The external causes referring to the light conditions, the state of the road, the weather; present the following evaluations:

| Class_weight       | LR      |        | RFC     |        |
|--------------------|---------|--------|---------|--------|
|                    | Jaccard |LogLoss | Jaccard |LogLoss |
| default            | 0.5391  |0.7443  | 0.5412  |0.6874  |        
| balanced           | 0.6343  |0.6900  | 0.4959  |0.6879  |
| subsample          | NA      |NA      | 0.4959  |0.6876  |

when modeling the complete dataset the precision drops to __47%__ but the probability of classification remains at __68%__.

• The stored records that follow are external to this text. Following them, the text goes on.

(* Let $\beta\in\ell^2\cap[0,1]^{\mathbb{N}}$ and $P\in\mathcal{P}$. If $\nu:\mathcal{P}\to\mathcal{H}$ is pathwise differentiable at $P$, then $\nu^\beta:=\Gamma_\beta\circ\nu$ is pathwise differentiable at $P$ with local parameter $\dot{\nu}_P^\beta=\Gamma_\beta\circ\dot{\nu}_P$ and efficient influence function $\phi_P^\beta\in L^2(P;\mathcal{H})$.
   Context: Let $(\mathcal{Z},\mathbf{B})$ be a Polish space, $\mathcal{P}$ a model of distributions dominated by a $\sigma$-finite measure $\lambda$, $\mathcal{H}$ a real separable Hilbert space with orthonormal basis $(h_k)_{k\ge1}$ (padded with zeros if finite-dimensional). For $P\in\mathcal{P}$, $s\in L^2(P)$, $\mathscr{P}(P,\mathcal{P},s)$ is the set of submodels $\{P_\epsilon:\epsilon\in[0,\delta)\}\subset\mathcal{P}$ with $\|p_\epsilon^{1/2}-p^{1/2}-\epsilon sp^{1/2}/2\|_{L^2(\lambda)}=o(\epsilon)$; tangent set $\{s:\mathscr{P}(P,\mathcal{P},s)\ne\emptyset\}$, tangent space $\dot{\mathcal{P}}_P$ its closed linear span. A map $\mu:\mathcal{P}\to\mathcal{H}$ is pathwise differentiable at $P$ with local parameter $\dot{\mu}_P$ if $\dot{\mu}_P:\dot{\mathcal{P}}_P\to\mathcal{H}$ is continuous linear and $\|\mu(P_\epsilon)-\mu(P)-\epsilon\dot{\mu}_P(s)\|_{\mathcal{H}}=o(\epsilon)$ for every tangent-set $s$ and every submodel in $\mathscr{P}(P,\mathcal{P},s)$; the adjoint $\dot{\mu}_P^*$ is the efficient influence operator, and $\phi:\mathcal{Z}\to\mathcal{H}$ is an efficient influence function of $\mu$ at $P$ if $\dot{\mu}_P^*(h)(z)=\langle h,\phi(z)\rangle_{\mathcal{H}}$ for all $h\in\mathcal{H}$ and all $z$ in a $P$-probability-one set. $\Gamma_\beta:\mathcal{H}\to\mathcal{H}$, $\Gamma_\beta(h)=\sum_k\beta_k\langle h,h_k\rangle_{\mathcal{H}}h_k$. $\phi_P^\beta(z)=\sum_k\beta_k\dot{\nu}_P^*(h_k)(z)h_k$. $L^2(P;\mathcal{H})$: Bochner measurable $f$ with $\int\|f\|_{\mathcal{H}}^2dP<\infty$. *)

theory Defs
  imports "HOL-Probability.Probability"
begin

definition dominated_model :: "'z measure \<Rightarrow> 'z measure set \<Rightarrow> bool" where
  "dominated_model lam model \<longleftrightarrow>
     (\<forall>P\<in>model. prob_space P \<and> sets P = sets lam \<and> absolutely_continuous lam P)"

definition rdens :: "'z measure \<Rightarrow> 'z measure \<Rightarrow> 'z \<Rightarrow> real" where
  "rdens lam P z = sqrt (enn2real (RN_deriv lam P z))"

definition L2 :: "'z measure \<Rightarrow> ('z \<Rightarrow> real) set" where
  "L2 P = {f. f \<in> borel_measurable P \<and> integrable P (\<lambda>z. (f z)^2)}"

text \<open>L^2(P;H): Bochner (= Borel, H separable) measurable, square integrable norm.\<close>
definition L2H :: "'z measure \<Rightarrow> ('z \<Rightarrow> 'h::{real_normed_vector,second_countable_topology}) set" where
  "L2H P = {f. f \<in> borel_measurable P \<and> integrable P (\<lambda>z. (norm (f z))^2)}"

text \<open>Orthonormal basis of H padded with zeros (the zeros form a tail).\<close>
definition onb_padded :: "(nat \<Rightarrow> 'h::real_inner) \<Rightarrow> bool" where
  "onb_padded hs \<longleftrightarrow>
     (\<forall>k. hs k = 0 \<or> norm (hs k) = 1) \<and>
     (\<forall>j k. j \<noteq> k \<longrightarrow> inner (hs j) (hs k) = 0) \<and>
     (\<forall>j k. j \<le> k \<longrightarrow> hs k \<noteq> 0 \<longrightarrow> hs j \<noteq> 0) \<and>
     closure (span (range hs)) = UNIV"

text \<open>Submodels through P with score s: families P_eps, eps in [0,delta), in the model with
  || p_eps^(1/2) - p^(1/2) - eps s p^(1/2)/2 ||_{L2(lam)} = o(eps) as eps -> 0+.\<close>
definition submodels :: "'z measure \<Rightarrow> 'z measure set \<Rightarrow> 'z measure \<Rightarrow> ('z \<Rightarrow> real)
    \<Rightarrow> (real \<Rightarrow> 'z measure) set" where
  "submodels lam model P s = {Pe. \<exists>\<delta>>0. (\<forall>\<epsilon>\<in>{0..<\<delta>}. Pe \<epsilon> \<in> model) \<and>
     (\<forall>e>0. eventually (\<lambda>\<epsilon>.
        (\<integral>\<^sup>+ z. ennreal ((rdens lam (Pe \<epsilon>) z - rdens lam P z - \<epsilon> * s z * rdens lam P z / 2)^2) \<partial>lam)
          \<le> ennreal ((e * \<epsilon>)^2)) (at_right 0))}"

definition tangent_set :: "'z measure \<Rightarrow> 'z measure set \<Rightarrow> 'z measure \<Rightarrow> ('z \<Rightarrow> real) set" where
  "tangent_set lam model P = {s \<in> L2 P. submodels lam model P s \<noteq> {}}"

definition lin_span :: "('z \<Rightarrow> real) set \<Rightarrow> ('z \<Rightarrow> real) set" where
  "lin_span S = {t. \<exists>F c. finite F \<and> F \<subseteq> S \<and> t = (\<lambda>z. \<Sum>f\<in>F. c f * f z)}"

definition tangent_space :: "'z measure \<Rightarrow> 'z measure set \<Rightarrow> 'z measure \<Rightarrow> ('z \<Rightarrow> real) set" where
  "tangent_space lam model P = {s \<in> L2 P. \<forall>e>0. \<exists>t\<in>lin_span (tangent_set lam model P).
      (\<integral>z. (s z - t z)^2 \<partial>P) < e}"

definition cont_linear_on :: "'z measure \<Rightarrow> ('z \<Rightarrow> real) set \<Rightarrow> (('z \<Rightarrow> real) \<Rightarrow> 'h::real_normed_vector) \<Rightarrow> bool" where
  "cont_linear_on P T D \<longleftrightarrow>
     (\<forall>s\<in>T. \<forall>t\<in>T. D (\<lambda>z. s z + t z) = D s + D t) \<and>
     (\<forall>a. \<forall>s\<in>T. D (\<lambda>z. a * s z) = a *\<^sub>R D s) \<and>
     (\<exists>C. \<forall>s\<in>T. norm (D s) \<le> C * sqrt (\<integral>z. (s z)^2 \<partial>P))"

definition pathwise_diff :: "'z measure \<Rightarrow> 'z measure set \<Rightarrow> ('z measure \<Rightarrow> 'h::real_normed_vector)
    \<Rightarrow> 'z measure \<Rightarrow> (('z \<Rightarrow> real) \<Rightarrow> 'h) \<Rightarrow> bool" where
  "pathwise_diff lam model mu P D \<longleftrightarrow>
     cont_linear_on P (tangent_space lam model P) D \<and>
     (\<forall>s\<in>tangent_set lam model P. \<forall>Pe\<in>submodels lam model P s.
        \<forall>e>0. eventually (\<lambda>\<epsilon>. norm (mu (Pe \<epsilon>) - mu P - \<epsilon> *\<^sub>R D s) \<le> e * \<epsilon>) (at_right 0))"

text \<open>Efficient influence operator: the adjoint D^* : H \<rightarrow> tangent space, i.e. D^*(h) is
  an element of the tangent space with <D s, h>_H = <s, D^* h>_{L2(P)} for all s
  in the tangent space (a representative chosen by Hilbert choice; unique up to P-null sets).\<close>
definition eff_infl_op :: "'z measure \<Rightarrow> 'z measure set \<Rightarrow> 'z measure \<Rightarrow> (('z \<Rightarrow> real) \<Rightarrow> 'h::real_inner)
    \<Rightarrow> 'h \<Rightarrow> 'z \<Rightarrow> real" where
  "eff_infl_op lam model P D h = (SOME f. f \<in> tangent_space lam model P \<and>
      (\<forall>s\<in>tangent_space lam model P. inner (D s) h = (\<integral>z. s z * f z \<partial>P)))"

definition is_eif :: "'z measure \<Rightarrow> 'z measure set \<Rightarrow> 'z measure \<Rightarrow> (('z \<Rightarrow> real) \<Rightarrow> 'h::real_inner)
    \<Rightarrow> ('z \<Rightarrow> 'h) \<Rightarrow> bool" where
  "is_eif lam model P D \<phi> \<longleftrightarrow>
     (\<forall>h. AE z in P. eff_infl_op lam model P D h z = inner h (\<phi> z))"

definition Gamma_beta :: "(nat \<Rightarrow> real) \<Rightarrow> (nat \<Rightarrow> 'h::real_inner) \<Rightarrow> 'h \<Rightarrow> 'h" where
  "Gamma_beta beta hs x = (\<Sum>k. (beta k * inner x (hs k)) *\<^sub>R hs k)"

definition phi_beta :: "'z measure \<Rightarrow> 'z measure set \<Rightarrow> 'z measure \<Rightarrow> (('z \<Rightarrow> real) \<Rightarrow> 'h::real_inner)
    \<Rightarrow> (nat \<Rightarrow> real) \<Rightarrow> (nat \<Rightarrow> 'h) \<Rightarrow> 'z \<Rightarrow> 'h" where
  "phi_beta lam model P D beta hs z = (\<Sum>k. (beta k * eff_infl_op lam model P D (hs k) z) *\<^sub>R hs k)"

end

theory Submission
  imports Defs
begin

text \<open>
  Let \<open>D\<close> be the local parameter of \<open>\<nu>\<close> at \<open>P\<close> and \<open>D\<^sup>*\<close> its adjoint. \<open>\<Gamma>\<^sub>\<beta>\<close> is a bounded linear
  contraction, so \<open>\<Gamma>\<^sub>\<beta> \<circ> \<nu>\<close> is pathwise differentiable with local parameter \<open>\<Gamma>\<^sub>\<beta> \<circ> D\<close>.
  For the influence function fix \<open>h\<close> and put \<open>a\<^sub>k = \<beta>\<^sub>k \<langle>h, h\<^sub>k\<rangle>\<close>. Both \<open>\<beta>\<close> and
  \<open>(\<langle>h, h\<^sub>k\<rangle>)\<^sub>k\<close> are square summable, so \<open>\<Sum>\<^sub>k |a\<^sub>k| < \<infinity>\<close>, while \<open>\<parallel>D\<^sup>*(h\<^sub>k)\<parallel> \<le> \<parallel>D\<parallel>\<close>. Hence
  \<open>\<Sum>\<^sub>k a\<^sub>k D\<^sup>*(h\<^sub>k)\<close> converges in \<open>L\<^sup>2(P)\<close>; its limit lies in the tangent space and represents
  \<open>s \<mapsto> \<langle>\<Gamma>\<^sub>\<beta>(D s), h\<rangle>\<close>, so it is \<open>(\<Gamma>\<^sub>\<beta> \<circ> D)\<^sup>*(h)\<close>. Along an a.e. convergent subsequence
  of partial sums the limit equals \<open>\<langle>h, \<phi>\<^sub>P\<^sup>\<beta>(z)\<rangle>\<close>. Bessel's inequality gives
  \<open>\<parallel>\<phi>\<^sub>P\<^sup>\<beta>(z)\<parallel>\<^sup>2 \<le> \<Sum>\<^sub>k \<beta>\<^sub>k\<^sup>2 D\<^sup>*(h\<^sub>k)(z)\<^sup>2\<close>, whose integral is at most \<open>\<parallel>D\<parallel>\<^sup>2 \<Sum>\<^sub>k \<beta>\<^sub>k\<^sup>2\<close>.

  The representers defining \<open>D\<^sup>*\<close> exist by the Riesz representation theorem for closed
  subspaces of \<open>L\<^sup>2(P)\<close>, which follows from the completeness of \<open>L\<^sup>2(P)\<close> by maximizing the
  functional over the unit ball.
\<close>

section \<open>Square-integrable functions\<close>

lemma two_abs_mult_le_sum_squares: "2 * \<bar>a * b\<bar> \<le> a^2 + (b::real)^2"
proof -
  have "0 \<le> (\<bar>a\<bar> - \<bar>b\<bar>)^2" by simp
  then show ?thesis by (simp add: power2_eq_square algebra_simps abs_mult)
qed

definition L2_sqnorm :: "'a measure \<Rightarrow> ('a \<Rightarrow> real) \<Rightarrow> real" where
  "L2_sqnorm M s = (\<integral>z. (s z)^2 \<partial>M)"

lemma L2_measurable: "s \<in> L2 M \<Longrightarrow> s \<in> borel_measurable M"
  by (simp add: L2_def)

lemma L2_integrable_square: "s \<in> L2 M \<Longrightarrow> integrable M (\<lambda>z. (s z)^2)"
  by (simp add: L2_def)

lemma integrable_mult_L2:
  assumes "s \<in> L2 M" "t \<in> L2 M"
  shows "integrable M (\<lambda>z. s z * t z)"
proof (rule Bochner_Integration.integrable_bound[where f="\<lambda>z. (s z)^2 + (t z)^2"])
  show "integrable M (\<lambda>z. (s z)^2 + (t z)^2)" "(\<lambda>z. s z * t z) \<in> borel_measurable M"
    using assms by (auto simp: L2_def)
  have "\<bar>s z * t z\<bar> \<le> (s z)^2 + (t z)^2" for z
    using two_abs_mult_le_sum_squares[of "s z" "t z"] by simp
  then show "AE z in M. norm (s z * t z) \<le> norm ((s z)^2 + (t z)^2)"
    by (intro AE_I2) simp
qed

lemma L2_add:
  assumes "s \<in> L2 M" "t \<in> L2 M"
  shows "(\<lambda>z. s z + t z) \<in> L2 M"
proof -
  have "integrable M (\<lambda>z. (s z)^2 + 2 * (s z * t z) + (t z)^2)"
    using assms integrable_mult_L2[OF assms] by (auto simp: L2_def)
  then show ?thesis
    using assms by (auto simp: L2_def power2_sum algebra_simps intro!: borel_measurable_add)
qed

lemma L2_scale: "s \<in> L2 M \<Longrightarrow> (\<lambda>z. a * s z) \<in> L2 M"
  by (auto simp: L2_def power_mult_distrib)

lemma L2_diff: "s \<in> L2 M \<Longrightarrow> t \<in> L2 M \<Longrightarrow> (\<lambda>z. s z - t z) \<in> L2 M"
  using L2_add[of s M "\<lambda>z. (-1) * t z"] L2_scale[of t M "-1"] by simp

lemma L2_zero: "(\<lambda>z. 0) \<in> L2 M"
  by (simp add: L2_def)

lemma L2_sum: "(\<And>i. i \<in> I \<Longrightarrow> f i \<in> L2 M) \<Longrightarrow> (\<lambda>z. \<Sum>i\<in>I. f i z) \<in> L2 M"
proof (induction I rule: infinite_finite_induct)
  case (insert x F)
  then show ?case using L2_add[of "f x" M "\<lambda>z. \<Sum>i\<in>F. f i z"] by simp
qed (simp_all add: L2_zero)

lemma L2_sqnorm_nonneg: "0 \<le> L2_sqnorm M s"
  by (simp add: L2_sqnorm_def)

lemma L2_sqnorm_scale: "L2_sqnorm M (\<lambda>z. a * s z) = a^2 * L2_sqnorm M s"
  by (simp add: L2_sqnorm_def power_mult_distrib)

lemma L2_sqnorm_diff_commute: "L2_sqnorm M (\<lambda>z. s z - t z) = L2_sqnorm M (\<lambda>z. t z - s z)"
  by (simp add: L2_sqnorm_def power2_commute)

lemma L2_sqnorm_add:
  assumes "s \<in> L2 M" "t \<in> L2 M"
  shows "L2_sqnorm M (\<lambda>z. s z + t z) = L2_sqnorm M s + 2 * (\<integral>z. s z * t z \<partial>M) + L2_sqnorm M t"
proof -
  have "L2_sqnorm M (\<lambda>z. s z + t z) = (\<integral>z. (s z)^2 + 2 * (s z * t z) + (t z)^2 \<partial>M)"
    unfolding L2_sqnorm_def by (simp add: power2_sum algebra_simps)
  also have "\<dots> = L2_sqnorm M s + 2 * (\<integral>z. s z * t z \<partial>M) + L2_sqnorm M t"
    using assms integrable_mult_L2[OF assms] by (simp add: L2_def L2_sqnorm_def)
  finally show ?thesis .
qed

| Class_weight       | RFC     |        |
|--------------------|---------|--------|
|                    | Jaccard |LogLoss |
| default            | 0.5513  |0.6864  |
| balanced           | 0.4741  |0.6842  |
| subsample          | 0.47.35 |0.6843  |

When looking at internal causes, the RFC provides additional information such as feature importance, so using subsampling, the evaluations are as follows:

In [35]:
list(zip(x4.columns,RFC4.feature_importances_.round(2)))

[('INATTENTIONIND', 0.44), ('UNDERINFL', 0.34), ('SPEEDING', 0.22)]

In the case of external causes the RFC with subsample indicates that light conditions of the road is the 62% of the injuries.

In [36]:
list(zip(x9.columns,RFC9.feature_importances_.round(2)))

[('LIGHTCOND', 0.59), ('ROADCOND', 0.21), ('WEATHER', 0.2)]

__When the six features are observed at the same time, a greater importance is clearly attributed to the light conditions (40%), then there is the influence of alcohol (16%) and road conditions(17%). It is striking that weather (6%) and speed (10%) are the features that least influence accidents with injuries to occupants.__

In [37]:
list(zip(x12.columns,RFC12.feature_importances_.round(2)))

[('INATTENTIONIND', 0.11),
 ('UNDERINFL', 0.16),
 ('SPEEDING', 0.1),
 ('LIGHTCOND', 0.4),
 ('ROADCOND', 0.17),
 ('WEATHER', 0.06)]

## __Conclusion__ <a name="conclusion"></a>

### When you go out to drive avoid drinking this can reduce injuries in traffic accidents by up to 34%. Respect the speed limits as you can reduce accidents by up to 22%, and above all do not get distracted while driving because 44% of accidents are caused by being distracted.
### It is possible that on the road the weather is not good and that the track conditions are not favorable, this is out of your control but the most important thing is the light conditions, if you have a lot of difficulty in vision it is better to postpone the trip, or otherwise always use the high beams to have better visibility.